[Start of Attachment]

text \<open>The exponent hypothesis says that \<open>-q\<close> inverts the order of \<open>H\<close> modulo the
  exponent of \<open>G\<close>.\<close>

lemma (in comm_group) two_cocycle_is_coboundary:
  assumes "group H" "finite (carrier H)"
    and act: "\<And>a. a \<in> carrier H \<Longrightarrow> \<psi> a \<in> hom G G"
    and f: "\<And>a b. a \<in> carrier H \<Longrightarrow> b \<in> carrier H \<Longrightarrow> f a b \<in> carrier G"
    and cocycle: "\<And>a b c. a \<in> carrier H \<Longrightarrow> b \<in> carrier H \<Longrightarrow> c \<in> carrier H \<Longrightarrow>
      \<psi> a (f b c) \<otimes> f a (b \<otimes>\<^bsub>H\<^esub> c) = f a b \<otimes> f (a \<otimes>\<^bsub>H\<^esub> b) c"
    and exponent: "\<And>x. x \<in> carrier G \<Longrightarrow> x [^] (order H * q) = inv x"
  obtains z where "\<And>a. a \<in> carrier H \<Longrightarrow> z a \<in> carrier G"
    and "\<And>a b. a \<in> carrier H \<Longrightarrow> b \<in> carrier H \<Longrightarrow>
      z (a \<otimes>\<^bsub>H\<^esub> b) = f a b \<otimes> \<psi> a (z b) \<otimes> z a"
proof -
  interpret H: group H by fact
  define F where "F a = finprod G (f a) (carrier H)" for a
  have F_closed: "F a \<in> carrier G" if "a \<in> carrier H" for a
    using f that by (simp add: F_def Pi_def)
  show thesis
  proof (rule that)
    show "F a [^] q \<in> carrier G" if "a \<in> carrier H" for a
      using F_closed that by simp
    fix a b assume a: "a \<in> carrier H" and b: "b \<in> carrier H"
    define P Q R where "P = \<psi> a (F b)" and "Q = F a" and "R = F (a \<otimes>\<^bsub>H\<^esub> b)"
    have closed: "P \<in> carrier G" "Q \<in> carrier G" "R \<in> carrier G" "f a b \<in> carrier G"
      using a b f F_closed hom_in_carrier[OF act[OF a]] by (simp_all add: P_def Q_def R_def)
    have "P \<otimes> Q = f a b [^] order H \<otimes> R"
      using two_cocycle_average[of H \<psi> f a b, OF assms(1-4) cocycle a b] by (simp add: P_def Q_def R_def F_def)
    then have power: "f a b [^] order H = P \<otimes> Q \<otimes> inv R"
      using closed by (simp add: inv_solve_right)
    have "inv (f a b) = (f a b [^] order H) [^] q"
      using exponent[of "f a b"] closed by (simp add: nat_pow_pow)
    also have "\<dots> = (P \<otimes> Q \<otimes> inv R) [^] q"
      by (simp only: power)
    also have "\<dots> = P [^] q \<otimes> Q [^] q \<otimes> inv (R [^] q)"
      using closed by (simp add: nat_pow_distrib nat_pow_inv)
    finally have "P [^] q \<otimes> Q [^] q = inv (f a b) \<otimes> R [^] q"
      using closed by (simp add: inv_solve_right)
    then have "R [^] q = f a b \<otimes> (P [^] q \<otimes> Q [^] q)"
      using closed by (simp add: inv_solve_left)
    moreover have "P [^] q = \<psi> a (F b [^] q)"
      using hom_nat_pow[OF act[OF a] _ is_group is_group] F_closed b by (simp add: P_def)
    ultimately show "F (a \<otimes>\<^bsub>H\<^esub> b) [^] q = f a b \<otimes> \<psi> a (F b [^] q) \<otimes> F a [^] q"
      using closed hom_in_carrier[OF act[OF a]] F_closed[OF b] by (simp add: Q_def R_def m_assoc)
  qed
qed

locale frobenius_automorphisms =
  fixes K :: "('a, 'c) monoid_scheme" (structure) and H :: "('b, 'd) monoid_scheme"
    and phi :: "'b \<Rightarrow> 'a \<Rightarrow> 'a" and \<sigma> :: "'a \<Rightarrow> 'a" and \<gamma> :: "'b \<Rightarrow> 'b"
  assumes frobenius: "frobenius_action K H phi"
    and \<sigma>_iso: "\<sigma> \<in> iso K K" and \<gamma>_iso: "\<gamma> \<in> iso H H"

sublocale frobenius_automorphisms \<subseteq> group K
  using frobenius by (simp add: frobenius_action_def)

sublocale frobenius_automorphisms \<subseteq> H: group H
  using frobenius by (simp add: frobenius_action_def)

sublocale frobenius_automorphisms \<subseteq> phi: group_action H "carrier K" phi
  using frobenius by (intro group_action_if_hom_AutoGroup) (simp_all add: frobenius_action_def)

context frobenius_automorphisms
begin

lemma phi_group_hom:
  assumes "h \<in> carrier H"
  shows "group_hom K K (phi h)"
proof -
  have "phi h \<in> auto K"
    using frobenius hom_in_carrier[of phi H "AutoGroup K" h] assms
    by (simp add: frobenius_action_def AutoGroup_def)
  then show ?thesis
    by (simp add: group_hom_def group_hom_axioms_def auto_def)
qed

lemma phi_closed [simp]: "h \<in> carrier H \<Longrightarrow> x \<in> carrier K \<Longrightarrow> phi h x \<in> carrier K"
  using group_hom.hom_closed[OF phi_group_hom] .

lemma phi_mult [simp]:
  "h \<in> carrier H \<Longrightarrow> x \<in> carrier K \<Longrightarrow> y \<in> carrier K \<Longrightarrow> phi h (x \<otimes> y) = phi h x \<otimes> phi h y"
  using group_hom.hom_mult[OF phi_group_hom] .

lemma phi_inv [simp]: "h \<in> carrier H \<Longrightarrow> x \<in> carrier K \<Longrightarrow> phi h (inv x) = inv (phi h x)"
  using group_hom.hom_inv[OF phi_group_hom] .

lemma phi_one [simp]: "h \<in> carrier H \<Longrightarrow> phi h \<one> = \<one>"
  using group_hom.hom_one[OF phi_group_hom] .

lemma phi_H_one [simp]: "x \<in> carrier K \<Longrightarrow> phi \<one>\<^bsub>H\<^esub> x = x"
  by (simp flip: phi.id_eq_one)

lemma order_H_dvd_order_K_minus_one: "order H dvd order K - 1"
proof -
  have "order H dvd card (carrier K - {\<one>})"
  proof (rule phi.order_dvd_card_of_free_part)
    show "finite (carrier K)"
      using frobenius by (simp add: frobenius_action_def)
    show "phi g x = x" if "g \<in> carrier H" "x \<in> {\<one>}" for g x
      using that by simp
    show "g = \<one>\<^bsub>H\<^esub>" if "g \<in> carrier H" "x \<in> carrier K - {\<one>}" "phi g x = x" for g x
      using frobenius that by (auto simp: frobenius_action_def)
  qed
  then show ?thesis
    by (simp add: order_def)
qed

lemma \<sigma>_hom: "\<sigma> \<in> hom K K"
  using \<sigma>_iso by (simp add: iso_iff)

lemma \<sigma>_closed [simp]: "x \<in> carrier K \<Longrightarrow> \<sigma> x \<in> carrier K"
  using hom_in_carrier[OF \<sigma>_hom] .

lemma \<sigma>_mult [simp]: "x \<in> carrier K \<Longrightarrow> y \<in> carrier K \<Longrightarrow> \<sigma> (x \<otimes> y) = \<sigma> x \<otimes> \<sigma> y"
  using hom_mult[OF \<sigma>_hom] .

lemma \<gamma>_hom: "\<gamma> \<in> hom H H"
  using \<gamma>_iso by (simp add: iso_iff)

lemma \<gamma>_closed [simp]: "h \<in> carrier H \<Longrightarrow> \<gamma> h \<in> carrier H"
  using hom_in_carrier[OF \<gamma>_hom] .

lemma \<gamma>_mult [simp]: "a \<in> carrier H \<Longrightarrow> b \<in> carrier H \<Longrightarrow> \<gamma> (a \<otimes>\<^bsub>H\<^esub> b) = \<gamma> a \<otimes>\<^bsub>H\<^esub> \<gamma> b"
  using hom_mult[OF \<gamma>_hom] .

lemma \<gamma>_one [simp]: "\<gamma> \<one>\<^bsub>H\<^esub> = \<one>\<^bsub>H\<^esub>"
  using \<gamma>_hom by (intro group_hom.hom_one) (simp add: group_hom_def group_hom_axioms_def)

abbreviation psi :: "'b \<Rightarrow> 'a \<Rightarrow> 'a"
  where "psi h \<equiv> phi (\<gamma> h)"

lemma psi_center_closed: "h \<in> carrier H \<Longrightarrow> z \<in> center K \<Longrightarrow> psi h z \<in> center K"
  using group_hom.homh[OF phi_group_hom] phi.surj_prop by (simp add: hom_center_closed)

lemma inv_into_\<sigma>_psi:
  assumes "h \<in> carrier H" "x \<in> carrier K"
  defines "y \<equiv> inv_into (carrier K) \<sigma> (inv_into (carrier K) (psi h) x)"
  shows "y \<in> carrier K" and "psi h (\<sigma> y) = x"
proof -
  have \<sigma>: "bij_betw \<sigma> (carrier K) (carrier K)" and psi: "bij_betw (psi h) (carrier K) (carrier K)"
    using \<sigma>_iso phi.bij_prop0[of "\<gamma> h"] assms(1) by (simp_all add: iso_def Bij_def)
  have "inv_into (carrier K) (psi h) x \<in> carrier K"
    using psi assms(2) by (metis bij_betw_apply bij_betw_inv_into)
  then show "y \<in> carrier K"
    unfolding y_def using \<sigma> by (metis bij_betw_apply bij_betw_inv_into)
  show "psi h (\<sigma> y) = x"
    unfolding y_def using \<sigma> psi assms(2) \<open>inv_into (carrier K) (psi h) x \<in> carrier K\<close>
    by (simp add: bij_betw_inv_into_right)
qed

lemma inv_into_\<sigma>_psi_apply:
  assumes "h \<in> carrier H" "k \<in> carrier K"
  shows "inv_into (carrier K) \<sigma> (inv_into (carrier K) (psi h) (psi h (\<sigma> k))) = k"
proof -
  have "inj_on \<sigma> (carrier K)" "inj_on (psi h) (carrier K)"
    using \<sigma>_iso phi.inj_prop[of "\<gamma> h"] assms(1) by (simp_all add: iso_iff)
  then show ?thesis
    using assms by simp
qed

definition twisted_conjugator :: "'b \<Rightarrow> 'a \<Rightarrow> bool"
  where "twisted_conjugator h c \<longleftrightarrow>
    c \<in> carrier K \<and> (\<forall>k \<in> carrier K. \<sigma> (phi h k) = c \<otimes> psi h (\<sigma> k) \<otimes> inv c)"

lemma Inn_iff_twisted_conjugator:
  assumes h: "h \<in> carrier H"
  shows "(\<lambda>k \<in> carrier K. \<sigma> (phi h (inv_into (carrier K) \<sigma> (inv_into (carrier K) (phi (\<gamma> h)) k))))
      \<in> Inn K \<longleftrightarrow> (\<exists>c. twisted_conjugator h c)"
  (is "?T \<in> Inn K \<longleftrightarrow> _")
proof
  assume "?T \<in> Inn K"
  then obtain c where c: "c \<in> carrier K" and T: "?T = (\<lambda>x \<in> carrier K. c \<otimes> x \<otimes> inv c)"
    by (auto simp: Inn_def)
  have "\<sigma> (phi h k) = c \<otimes> psi h (\<sigma> k) \<otimes> inv c" if "k \<in> carrier K" for k
    using fun_cong[OF T, of "psi h (\<sigma> k)"] h that by (simp add: inv_into_\<sigma>_psi_apply)
  then show "\<exists>c. twisted_conjugator h c"
    using c by (auto simp: twisted_conjugator_def)
next
  assume "\<exists>c. twisted_conjugator h c"
  then obtain c where c: "twisted_conjugator h c" ..
  have "?T = (\<lambda>x \<in> carrier K. c \<otimes> x \<otimes> inv c)"
  proof
    fix x show "?T x = (\<lambda>x \<in> carrier K. c \<otimes> x \<otimes> inv c) x"
      using c inv_into_\<sigma>_psi[OF h, of x] by (auto simp: twisted_conjugator_def)
  qed
  then show "?T \<in> Inn K"
    using c by (auto simp: Inn_def twisted_conjugator_def)
qed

[End of Attachment]

TASK OBJECTIVE:
The required result is an exact repetition of the lines from the one containing "using fun_cong[OF T, of" through the last line of the data.

ANSWER BOX:
    using fun_cong[OF T, of "psi h (\<sigma> k)"] h that by (simp add: inv_into_\<sigma>_psi_apply)
  then show "\<exists>c. twisted_conjugator h c"
    using c by (auto simp: twisted_conjugator_def)
next
  assume "\<exists>c. twisted_conjugator h c"
  then obtain c where c: "twisted_conjugator h c" ..
  have "?T = (\<lambda>x \<in> carrier K. c \<otimes> x \<otimes> inv c)"
  proof
    fix x show "?T x = (\<lambda>x \<in> carrier K. c \<otimes> x \<otimes> inv c) x"
      using c inv_into_\<sigma>_psi[OF h, of x] by (auto simp: twisted_conjugator_def)
  qed
  then show "?T \<in> Inn K"
    using c by (auto simp: Inn_def twisted_conjugator_def)
qed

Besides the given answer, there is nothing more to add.